Kalimantan –pulau terbesar keempat di dunia, rumah bagi lebih dari 20 juta orang–selalu membangkitkan daya tarik para penjelajah.
PULAU ini memiliki hutan hujan tropis, saluran air dan gunung yang menjulang, serta suku asli pulau tersebut memiliki hubungan yang mendalam dengan hutan.
Pulau seluas 743.330 kilometer persegi tersebut memiliki kawasan hutan terbesar di Asia. Pembalakan secara intensif, penambangan terbuka, serta pertumbuhan industri pertanian, khususnya kelapa sawit, dan pembukaan lahan gambut mengancam kelestarian hutan Kalimantan.

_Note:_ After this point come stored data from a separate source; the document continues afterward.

text \<open>Let F, G be the injections of f and g; the injection of f \<circ> g agrees with G \<circ> F.
  If x is the last leaf, so are its conjugates and there is nothing to prove. Otherwise let x' be
  the next leaf, m = F x \<and> F x' and b the immediate successor of m below F x'. The leaf y
  conjugate to x is the last leaf above a left sibling of b; its next leaf y' lies above b, so
  y \<and> y' = m. As G preserves meets and the tree order, G y \<and> G y' = G m = G (F x) \<and> G (F x'), and
  both G y' and G (F x') lie above the immediate successor c of G m below G b. Hence the
  g-conjugate of y and the (f \<circ> g)-conjugate of x are the same leaf z, the last leaf above a left
  sibling of c. Finally, writing \<le> for the lexicographic and \<sqsubseteq> for the tree order, if w \<le> z
  but not g w \<le> y, then b \<le> g w, whence G b \<le> G (g w) \<sqsubseteq> w \<le> z < G b.\<close>

lemma finite_total_has_greatest:
  assumes "finite A" "A \<noteq> {}"
    and total: "\<And>a b. \<lbrakk>a \<in> A; b \<in> A\<rbrakk> \<Longrightarrow> R a b \<or> R b a"
    and trans: "\<And>a b c. \<lbrakk>a \<in> A; b \<in> A; c \<in> A; R a b; R b c\<rbrakk> \<Longrightarrow> R a c"
  shows "\<exists>m\<in>A. \<forall>a\<in>A. R a m"
  using assms(1,2) total trans
proof (induction A rule: finite_ne_induct)
  case (singleton x)
  then show ?case by blast
next
  case (insert x F)
  obtain m where m: "m \<in> F" "\<forall>a\<in>F. R a m"
    using insert.IH insert.prems by blast
  show ?case
  proof (cases "R x m")
    case True
    with m show ?thesis by blast
  next
    case False
    then have "R m x" "R x x"
      using insert.prems(1) m(1) by blast+
    then have "\<forall>a\<in>insert x F. R a x"
      using m insert.prems(2) by blast
    then show ?thesis by blast
  qed
qed

definition left_split :: "'a otree \<Rightarrow> 'a \<Rightarrow> 'a \<Rightarrow> bool" where
  "left_split T u v \<longleftrightarrow>
     (\<exists>m a b. immsucc T m a \<and> immsucc T m b \<and> a \<noteq> b \<and> sibl T a b \<and> tle T a u \<and> tle T b v)"

locale tree =
  fixes T :: "'a otree"
  assumes is_tree: "is_tree T"
begin

lemma finite_nodes: "finite (nodes T)"
  using is_tree unfolding is_tree_def by blast
(* Let $F(x)=x^{-1}$ on $GF(2^m)$ (i.e. $F(x)=x^{2^m-2}$, $F(0)=0$) and $S=STS(\mathcal H^n)$. If $m$ is odd, then at every nonzero point $a$ the self-embedding $S\cup F(S)$ has exactly $(2^m-2)/6$ rotation lines, each with $6$ points. If $m$ is even, then at every nonzero point there are exactly $(2^m-4)/6$ rotation lines with $6$ points each and one rotation line with $2$ points.
   Context: $n=2^m-1$. $S=STS(\mathcal H^n)$ is the set of 3-subsets $\{a,b,c\}$ of nonzero elements of $GF(2^m)$ with $a+b+c=0$; $F(S)=\{\{F(a),F(b),F(c)\}:\{a,b,c\}\in S\}$. For nonzero $a$, let $P_a=GF(2^m)\setminus\{0,a\}$, $s_a(y)=a+y$ and $\psi_a(y)=F(F^{-1}(a)+F^{-1}(y))$. The rotation lines at $a$ are the orbits on $P_a$ of the group generated by the involutions $s_a,\psi_a$; the number of points of a rotation line is the size of the orbit. *)

theory Defs
  imports Main
begin

text \<open>GF(2^m) is modelled by an arbitrary finite field type of cardinality 2^m
  (all such fields are isomorphic). F is a permutation of the field with inverse Finv.\<close>

definition P_pts :: "'a::field \<Rightarrow> 'a set" where
  "P_pts a = UNIV - {0, a}"

definition s_map :: "'a::field \<Rightarrow> 'a \<Rightarrow> 'a" where
  "s_map a y = a + y"

definition psi_map :: "('a::field \<Rightarrow> 'a) \<Rightarrow> ('a \<Rightarrow> 'a) \<Rightarrow> 'a \<Rightarrow> 'a \<Rightarrow> 'a" where
  "psi_map F Finv a y = F (Finv a + Finv y)"

text \<open>One generator step on P_a (s_a or psi_a). Since both are involutions, the
  orbit of y under the group they generate is the set reachable by finitely many steps.\<close>
definition rot_step :: "('a::field \<Rightarrow> 'a) \<Rightarrow> ('a \<Rightarrow> 'a) \<Rightarrow> 'a \<Rightarrow> ('a \<times> 'a) set" where
  "rot_step F Finv a = {(y, z). y \<in> P_pts a \<and> (z = s_map a y \<or> z = psi_map F Finv a y)}"

definition rot_orbit :: "('a::field \<Rightarrow> 'a) \<Rightarrow> ('a \<Rightarrow> 'a) \<Rightarrow> 'a \<Rightarrow> 'a \<Rightarrow> 'a set" where
  "rot_orbit F Finv a y = {z. (y, z) \<in> (rot_step F Finv a)\<^sup>*}"
lemma nn_integral_gaussian_product_moment:
  "(\<integral>\<^sup>+ p. ennreal (exp (- (fst p ^ 2 + snd p ^ 2)) * fst p ^ (2*i) * snd p ^ (2*j)) \<partial>lborel)
     = ennreal (pi * pochhammer (1/2) i * pochhammer (1/2) j)"
proof -
  define G where "G k u = ennreal (exp (- u\<^sup>2) * u ^ (2*k))" for k and u :: real
  have [measurable]: "G k \<in> borel_measurable borel" for k
    unfolding G_def by measurable
  have "(\<integral>\<^sup>+ p. ennreal (exp (- (fst p ^ 2 + snd p ^ 2)) * fst p ^ (2*i) * snd p ^ (2*j)) \<partial>lborel)
      = (\<integral>\<^sup>+ u. \<integral>\<^sup>+ v. G i u * G j v \<partial>lborel \<partial>lborel)"
  proof (subst nn_integral_lborel_pair)
    show "(\<lambda>p. ennreal (exp (- (fst p ^ 2 + snd p ^ 2)) * fst p ^ (2*i) * snd p ^ (2*j))) \<in> borel_measurable borel"
      by (intro measurable_compose[OF _ measurable_ennreal] borel_measurable_continuous_onI continuous_intros)
    have "ennreal (exp (- (u\<^sup>2 + v\<^sup>2)) * u ^ (2*i) * v ^ (2*j)) = G i u * G j v" for u v :: real
    proof -
      have "exp (- (u\<^sup>2 + v\<^sup>2)) * u ^ (2*i) * v ^ (2*j) = (exp (- u\<^sup>2) * u ^ (2*i)) * (exp (- v\<^sup>2) * v ^ (2*j))"
        by (simp add: exp_add[symmetric])
      then show ?thesis
        unfolding G_def by (simp only:) (rule ennreal_mult; simp add: power_mult)
    qed
    then show "(\<integral>\<^sup>+ u. \<integral>\<^sup>+ v. ennreal (exp (- (fst (u, v) ^ 2 + snd (u, v) ^ 2)) * fst (u, v) ^ (2*i) * snd (u, v) ^ (2*j)) \<partial>lborel \<partial>lborel)
        = (\<integral>\<^sup>+ u. \<integral>\<^sup>+ v. G i u * G j v \<partial>lborel \<partial>lborel)"
      by (simp only: fst_conv snd_conv)
  qed
  also have "\<dots> = ennreal (sqrt pi * pochhammer (1/2) i) * ennreal (sqrt pi * pochhammer (1/2) j)"
    unfolding G_def by (simp add: nn_integral_cmult nn_integral_multc nn_integral_gaussian_even_moment)
  also have "\<dots> = ennreal (pi * pochhammer (1/2) i * pochhammer (1/2) j)"
    by (simp add: ennreal_mult[symmetric] less_imp_le[OF pochhammer_pos] power2_eq_square[symmetric] ac_simps)
  finally show ?thesis .
qed
(* Assume $n\ge1$. Let $\bar x^k,\bar s^k\in\mathbb{R}^{n+1}_{++}$ satisfy $\|\bar x^k\odot\bar s^k-\bar\mu^k e\|\le\beta\bar\mu^k$, where $\bar\mu^k=(\bar x^k)^\top\bar s^k/(n+1)$ and $0<\beta<\sqrt2-1$. Let $\eta=\beta/\sqrt{n+1}$, $\gamma=1-\eta$, let $(d_{\bar x},d_{\bar s})$ solve the Newton system (N) at $(\bar x^k,\bar s^k)$ with these parameters, and set $\bar x^+=\bar x^k+d_{\bar x}$ (which is componentwise positive) and $\bar s^+=\psi(\bar x^+)+\gamma\bar r^k$, where $\bar r^k=\bar s^k-\psi(\bar x^k)$. Then, with $\bar\mu^+=(\bar x^+)^\top\bar s^+/(n+1)$, $$\|\bar x^+\odot\bar s^+-\bar\mu^+e\|\le\beta\bar\mu^+,$$ and $\bar s^+>0$ (componentwise).
   Context: Let $Q\in\mathbb{R}^{n_z\times n_z}$ be symmetric positive semidefinite, $c\in\mathbb{R}^{n_z}$, $A\in\mathbb{R}^{n_b\times n_z}$, $b\in\mathbb{R}^{n_b}$, and $n=n_z+n_b$. Define $M=\begin{bmatrix}Q&-A^\top\\ A&0\end{bmatrix}$ and $q=\begin{bmatrix}c\\-b\end{bmatrix}$. For $\bar x=(x,\tau)\in\mathbb{R}^{n+1}_{++}$ define $\psi(\bar x)=\begin{bmatrix} Mx+q\tau\\ -x^\top Mx/\tau-x^\top q\end{bmatrix}$ and its Jacobian $\nabla\psi(\bar x)=\begin{bmatrix} M & q\\ -x^\top(M+M^\top)/\tau-q^\top & x^\top Mx/\tau^2\end{bmatrix}$. $\odot$ is the componentwise product, $e$ the all-ones vector, $\|\cdot\|$ the Euclidean norm. Newton system (N): given $\bar x^k,\bar s^k\in\mathbb{R}^{n+1}_{++}$ and $\eta,\gamma\in(0,1)$, let $\bar r^k=\bar s^k-\psi(\bar x^k)$ and $\bar\mu^k=(\bar x^k)^\top\bar s^k/(n+1)$; $(d_{\bar x},d_{\bar s})$ solves (N) if $d_{\bar s}-\nabla\psi(\bar x^k)d_{\bar x}=-\eta\bar r^k$ and $\bar x^k\odot d_{\bar s}+\bar s^k\odot d_{\bar x}=\gamma\bar\mu^k e-\bar x^k\odot\bar s^k$. *)

theory Defs
  imports Complex_Main
begin

text \<open>Vectors in R^m are represented as functions nat => real, only indices < m matter;
  matrices as nat => nat => real. Vectors in R^(n+1) use indices 0..n, the last index n
  being the homogenising coordinate tau.\<close>

definition dotp :: "nat \<Rightarrow> (nat \<Rightarrow> real) \<Rightarrow> (nat \<Rightarrow> real) \<Rightarrow> real" where
  "dotp m x y = (\<Sum>i<m. x i * y i)"

definition matvec :: "nat \<Rightarrow> (nat \<Rightarrow> nat \<Rightarrow> real) \<Rightarrow> (nat \<Rightarrow> real) \<Rightarrow> (nat \<Rightarrow> real)" where
  "matvec m B x = (\<lambda>i. \<Sum>j<m. B i j * x j)"

text \<open>M = [[Q, -A^T],[A, 0]] of size n x n with n = nz + nb.\<close>
definition Mmat :: "nat \<Rightarrow> (nat \<Rightarrow> nat \<Rightarrow> real) \<Rightarrow> (nat \<Rightarrow> nat \<Rightarrow> real) \<Rightarrow> (nat \<Rightarrow> nat \<Rightarrow> real)" where
  "Mmat nz Q A = (\<lambda>i j.
     if i < nz \<and> j < nz then Q i j
     else if i < nz then - A (j - nz) i
     else if j < nz then A (i - nz) j
     else 0)"

definition qvec :: "nat \<Rightarrow> (nat \<Rightarrow> real) \<Rightarrow> (nat \<Rightarrow> real) \<Rightarrow> (nat \<Rightarrow> real)" where
  "qvec nz c b = (\<lambda>i. if i < nz then c i else - b (i - nz))"

definition psi :: "nat \<Rightarrow> (nat \<Rightarrow> nat \<Rightarrow> real) \<Rightarrow> (nat \<Rightarrow> real) \<Rightarrow> (nat \<Rightarrow> real) \<Rightarrow> (nat \<Rightarrow> real)" where
  "psi n M q xb = (\<lambda>i.
     if i < n then matvec n M xb i + q i * xb n
     else - dotp n xb (matvec n M xb) / xb n - dotp n xb q)"

definition jac :: "nat \<Rightarrow> (nat \<Rightarrow> nat \<Rightarrow> real) \<Rightarrow> (nat \<Rightarrow> real) \<Rightarrow> (nat \<Rightarrow> real) \<Rightarrow> (nat \<Rightarrow> nat \<Rightarrow> real)" where
  "jac n M q xb = (\<lambda>i j.
     if i < n \<and> j < n then M i j
     else if i < n then q i
     else if j < n then - (\<Sum>l<n. xb l * (M l j + M j l)) / xb n - q j
     else dotp n xb (matvec n M xb) / (xb n)^2)"
(* Expand each coefficient in an F-basis of 'a; comparing coordinates reduces the claim to the
   F-independence of t. *)
lemma Findependent_imp_independent:
  fixes t :: "nat \<Rightarrow> 'a ^ 'n"
  assumes indep: "V.Findependent t \<nu>" and t: "\<forall>i<\<nu>. t i \<in> vecs_over F"
    and zero: "(\<Sum>i<\<nu>. \<alpha> i *s t i) = 0" and "i < \<nu>"
  shows "\<alpha> i = 0"
proof -
  obtain e r where e: "K.Findependent e r" "K.Fspan e r = UNIV"
    using K.Fbasis_exists[of UNIV] by (auto simp: K.Fsubspace_def)
  have "\<forall>i. \<exists>M. (\<forall>s<r. M s \<in> F) \<and> \<alpha> i = K.lincomb M e r"
    using e(2) unfolding K.Fspan_def by blast
  then obtain M where M: "\<And>i s. s < r \<Longrightarrow> M i s \<in> F" "\<And>i. \<alpha> i = K.lincomb (M i) e r"
    by metis
  have "V.lincomb (\<lambda>i. M i s) t \<nu> = 0" if "s < r" for s
  proof (rule vec_eq_iff[THEN iffD2], rule allI)
    fix l
    define d where "d s = (\<Sum>i<\<nu>. M i s * t i $ l)" for s
    have "K.lincomb d e r = (\<Sum>i<\<nu>. \<alpha> i * t i $ l)"
      unfolding d_def M(2) K.lincomb_def
      by (simp add: sum_distrib_left sum_distrib_right mult_ac sum.swap[of _ "{..<r}"])
    also have "\<dots> = 0"
      using arg_cong[OF zero, of "\<lambda>v. v $ l"] by (simp add: sum_component)
    finally have "K.lincomb d e r = 0" .
    moreover have "\<forall>s<r. d s \<in> F"
      using t M(1) by (auto simp: d_def vecs_over_def intro!: sum_mem mult_mem)
    ultimately have "d s = 0"
      using K.FindependentD[OF e(1) _ _ that] by blast
    then show "V.lincomb (\<lambda>i. M i s) t \<nu> $ l = 0 $ l"
      by (simp add: V.lincomb_def sum_component d_def)
  qed
  then have "M i s = 0" if "s < r" for s
    using V.FindependentD[OF indep _ _ \<open>i < \<nu>\<close>, of "\<lambda>i. M i s"] M(1) that by simp
  then show ?thesis
    by (simp add: M(2) K.lincomb_def)
qed

end

section \<open>The subfield GF(q) and the rank\<close>

locale ground_field = finite_subfield F for F :: "'a::{field,finite} set" +
  fixes q :: nat
  assumes subfield_q_eq: "subfield_q q = F" and card_F: "card F = q"
begin

lemma two_le_q: "2 \<le> q"
  using two_le_card card_F by simp

lemma rk_eq_Least_Fspan: "rk q x = (LEAST r. \<exists>b. \<forall>l. x $ l \<in> K.Fspan b r)"
proof -
  have "(\<exists>c. (\<forall>j. c j \<in> F) \<and> y = (\<Sum>j<r. c j * b j)) \<longleftrightarrow> y \<in> K.Fspan b r" for y b r
  proof
    assume "y \<in> K.Fspan b r"
    then obtain c where "\<forall>j<r. c j \<in> F" "y = (\<Sum>j<r. c j * b j)"
      by (auto simp: K.Fspan_def K.lincomb_def)
    then show "\<exists>c. (\<forall>j. c j \<in> F) \<and> y = (\<Sum>j<r. c j * b j)"
      using zero_mem by (intro exI[of _ "\<lambda>j. if j < r then c j else 0"]) auto
  qed (auto simp: K.Fspan_def K.lincomb_def)
  then show ?thesis
    by (simp add: rk_def subfield_q_eq)
qed

lemma card_coord_span:
  fixes x :: "'a ^ 'n"
  shows "card (coord_span F x) = q ^ rk q x"
proof -
  obtain t r where t: "K.Findependent t r" "K.Fspan t r = coord_span F x"
    using K.Fbasis_exists[OF Fsubspace_coord_span finite] by metis
  then have card_r: "card (coord_span F x) = q ^ r"
    using K.card_Fspan card_F by metis
  have "x $ l \<in> coord_span F x" for l
    using zero_mem one_mem dot_axis_left[of l x]
    by (auto simp: coord_span_def vecs_over_def axis_def intro!: image_eqI[of _ _ "axis l 1"])
  then have "\<exists>b. \<forall>l. x $ l \<in> K.Fspan b r"
    using t(2) by blast
  then have "rk q x \<le> r"
    unfolding rk_eq_Least_Fspan by (rule Least_le)
  obtain b where b: "\<forall>l. x $ l \<in> K.Fspan b (rk q x)"
    using LeastI_ex[of "\<lambda>r. \<exists>b. \<forall>l. x $ l \<in> K.Fspan b r"] \<open>\<exists>b. \<forall>l. x $ l \<in> K.Fspan b r\<close>
    unfolding rk_eq_Least_Fspan by blast
  have "coord_span F x \<subseteq> K.Fspan b (rk q x)"
  proof
    fix y assume "y \<in> coord_span F x"
    then obtain a where "a \<in> vecs_over F" "y = (\<Sum>l\<in>UNIV. a $ l * x $ l)"
      by (auto simp: coord_span_def dot_def)
    then show "y \<in> K.Fspan b (rk q x)"
      using b K.Fsubspace_Fspan
      by (auto simp: vecs_over_def K.Fsubspace_def intro!: K.Fsubspace_sum)
  qed
  then have "q ^ r \<le> q ^ rk q x"
    using card_mono[OF K.finite_Fspan] K.card_Fspan_le card_r card_F by (metis le_trans)
  then have "r \<le> rk q x"
    using two_le_q by simp
  with \<open>rk q x \<le> r\<close> card_r show ?thesis
    by simp
qed

lemma card_vecs_over_q: "card (vecs_over F :: ('a ^ 'n) set) = q ^ CARD('n)"
  using card_vecs_over[of F] card_F by simp

lemma rk_le_CARD: "rk q (x :: 'a ^ 'n) \<le> CARD('n)"
proof -
  have "q ^ rk q x \<le> card (vecs_over F :: ('a ^ 'n) set)"
    unfolding card_coord_span[symmetric] coord_span_def by (rule card_image_le) simp
  then show ?thesis
    using two_le_q card_vecs_over_q[where 'n='n] by simp
qed

lemma card_annihilator: "card (annihilator F (x :: 'a ^ 'n)) = q ^ (CARD('n) - rk q x)"
proof -
  have "q ^ rk q x * q ^ (CARD('n) - rk q x) = q ^ rk q x * card (annihilator F x)"
    using card_vecs_over_eq_mult[of x] card_vecs_over_q[where 'n='n] card_coord_span[of x] rk_le_CARD[of x]
    by (simp flip: power_add)
  then show ?thesis
    using two_le_q by simp
qed

lemma rk_sum_scale_le:
  assumes "\<forall>i<\<nu>. t i \<in> vecs_over F"
  shows "rk q (\<Sum>i<\<nu>. \<alpha> i *s t i) \<le> \<nu>"
  unfolding rk_eq_Least_Fspan
proof (rule Least_le, rule exI[of _ \<alpha>], rule allI)
  fix l
  have "(\<Sum>i<\<nu>. \<alpha> i *s t i) $ l = K.lincomb (\<lambda>i. t i $ l) \<alpha> \<nu>"
    by (simp add: sum_component K.lincomb_def mult.commute)
  then show "(\<Sum>i<\<nu>. \<alpha> i *s t i) $ l \<in> K.Fspan \<alpha> \<nu>"
    using assms by (auto simp: vecs_over_def intro: K.mem_FspanI)
qed

section \<open>The double counting\<close>

(* A nonzero functional vanishing on the image would give the nonzero dual codeword
   sum of alpha i *s t i, whose rank is at most nu. *)
lemma syndrome_surjective:
  fixes C :: "('a ^ 'n) set" and t :: "nat \<Rightarrow> 'a ^ 'n"
  assumes C: "vec.subspace C" and dual: "\<forall>u\<in>dual_code C. u \<noteq> 0 \<longrightarrow> \<nu> < rk q u"
    and t: "t \<in> V.independent_tuples (vecs_over F) \<nu>"
  shows "syndrome t \<nu> ` C = tuples \<nu>"
proof (rule ccontr)
  assume "syndrome t \<nu> ` C \<noteq> tuples \<nu>"
  moreover have "syndrome t \<nu> ` C \<subseteq> tuples \<nu>"
    using syndrome_in_tuples by blast
  ultimately obtain \<alpha> where \<alpha>: "\<alpha> \<in> tuples \<nu>" "\<alpha> \<noteq> 0"
    and annihilates: "\<And>y. y \<in> syndrome t \<nu> ` C \<Longrightarrow> (\<Sum>i<\<nu>. \<alpha> i * y i) = 0"
    using exists_annihilator_of_proper_subspace[OF _ _ syndrome_image_closed[OF C]] by blast
  define u where "u = (\<Sum>i<\<nu>. \<alpha> i *s t i)"
  have t': "V.Findependent t \<nu>" "\<forall>i<\<nu>. t i \<in> vecs_over F"
    using t by (auto simp: V.independent_tuples_def)
  have "dot u c = (\<Sum>i<\<nu>. \<alpha> i * syndrome t \<nu> c i)" for c
    by (simp add: u_def dot_sum_left dot_scale_left syndrome_def)
  then have "u \<in> dual_code C"
    using annihilates by (simp add: dual_code_def dot_def)
  moreover have "u \<noteq> 0"
  proof
    assume "u = 0"
    then have "\<alpha> i = 0" if "i < \<nu>" for i
      using Findependent_imp_independent[OF t'] that by (simp add: u_def)
    with \<alpha> show False
      by (auto simp: tuples_def fun_eq_iff not_less[symmetric])
  qed
  ultimately have "\<nu> < rk q u"
    using dual by blast
  with rk_sum_scale_le[OF t'(2), of \<alpha>] show False
    by (simp add: u_def)
qed

lemma card_annihilated_codewords:
  fixes C :: "('a ^ 'n) set" and t :: "nat \<Rightarrow> 'a ^ 'n"
  assumes C: "vec.subspace C" and dual: "\<forall>u\<in>dual_code C. u \<noteq> 0 \<longrightarrow> \<nu> < rk q u"
    and t: "t \<in> V.independent_tuples (vecs_over F) \<nu>"
  shows "CARD('a) ^ \<nu> * card {c \<in> C. \<forall>i<\<nu>. dot (t i) c = 0} = CARD('a) ^ vec.dim C"
proof -
  have "card C = card (syndrome t \<nu> ` C) * card {c \<in> C. syndrome t \<nu> c = 0}"
    using vec.subspace_add[OF C] vec.subspace_diff[OF C]
    by (intro card_eq_card_image_mult_card_kernel) (auto simp: syndrome_diff)
  then show ?thesis
    using syndrome_surjective[OF C dual t] card_tuples[where 'a='a] vec.card_subspace[OF _ C]
    by (simp add: syndrome_eq_0_iff)
qed

lemma sum_card_independent_tuples_annihilator:
  fixes C :: "('a ^ 'n) set"
  assumes C: "vec.subspace C" and dual: "\<forall>u\<in>dual_code C. u \<noteq> 0 \<longrightarrow> \<nu> < rk q u"
  shows "(\<Sum>c\<in>C. card (V.independent_tuples (annihilator F c) \<nu>)) * CARD('a) ^ \<nu>
    = card (V.independent_tuples (vecs_over F :: ('a ^ 'n) set) \<nu>) * CARD('a) ^ vec.dim C"
proof -
  let ?T = "V.independent_tuples (vecs_over F :: ('a ^ 'n) set) \<nu>"
  let ?D = "\<lambda>t. {c \<in> C. \<forall>i<\<nu>. dot (t i) c = 0}"
  have mem: "t \<in> V.independent_tuples (annihilator F c) \<nu> \<longleftrightarrow> t \<in> ?T \<and> (\<forall>i<\<nu>. dot (t i) c = 0)" for c t
    by (auto simp: V.independent_tuples_def annihilator_def PiE_iff)
  have swap: "(SIGMA c:C. V.independent_tuples (annihilator F c) \<nu>) = prod.swap ` (SIGMA t:?T. ?D t)"
    by (auto simp: mem image_iff)
  have "(\<Sum>c\<in>C. card (V.independent_tuples (annihilator F c) \<nu>))
      = card (SIGMA c:C. V.independent_tuples (annihilator F c) \<nu>)"
    by (rule card_SigmaI[symmetric]) (simp_all add: V.finite_independent_tuples)
  also have "\<dots> = card (SIGMA t:?T. ?D t)"
    unfolding swap by (rule card_image) (simp add: swap_inj_on)
  also have "\<dots> = (\<Sum>t\<in>?T. card (?D t))"
    by (rule card_SigmaI) (simp_all add: V.finite_independent_tuples)
  also have "\<dots> * CARD('a) ^ \<nu> = (\<Sum>t\<in>?T. CARD('a) ^ vec.dim C)"
    unfolding sum_distrib_right using card_annihilated_codewords[OF C dual]
    by (intro sum.cong) (auto simp: mult.commute)
  finally show ?thesis
    by simp
qed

Borneo adalah salahsatu daerah dengan tingkat deforestasi paling ganas di dunia. Pada awal 1970-an, luas hutannya sekitar 56 juta hektare. Dalam 45 tahun, 20 juta hektare telah ditebang.
Perpindahan penduduk miskin dari pulau-pulau Madura, Jawa, dan Bali yang padat penduduk turut menyumbang penebangan hutan ini.
Terbiasa dengan pertanian intensif, para penduduk yang berasal dari pulau-pulau tersebut membuka hutan untuk bercocok tanam. Kadang-kadang terjadi konflik antara kelompok pendatang dengan suku asli, yang dapat berubah menjadi konflik berdarah.
Selain itu kebakaran hutan besar yang dipicu kekeringan yang disebabkan oleh fenomena El Nino, semakin menghancurkan hutan.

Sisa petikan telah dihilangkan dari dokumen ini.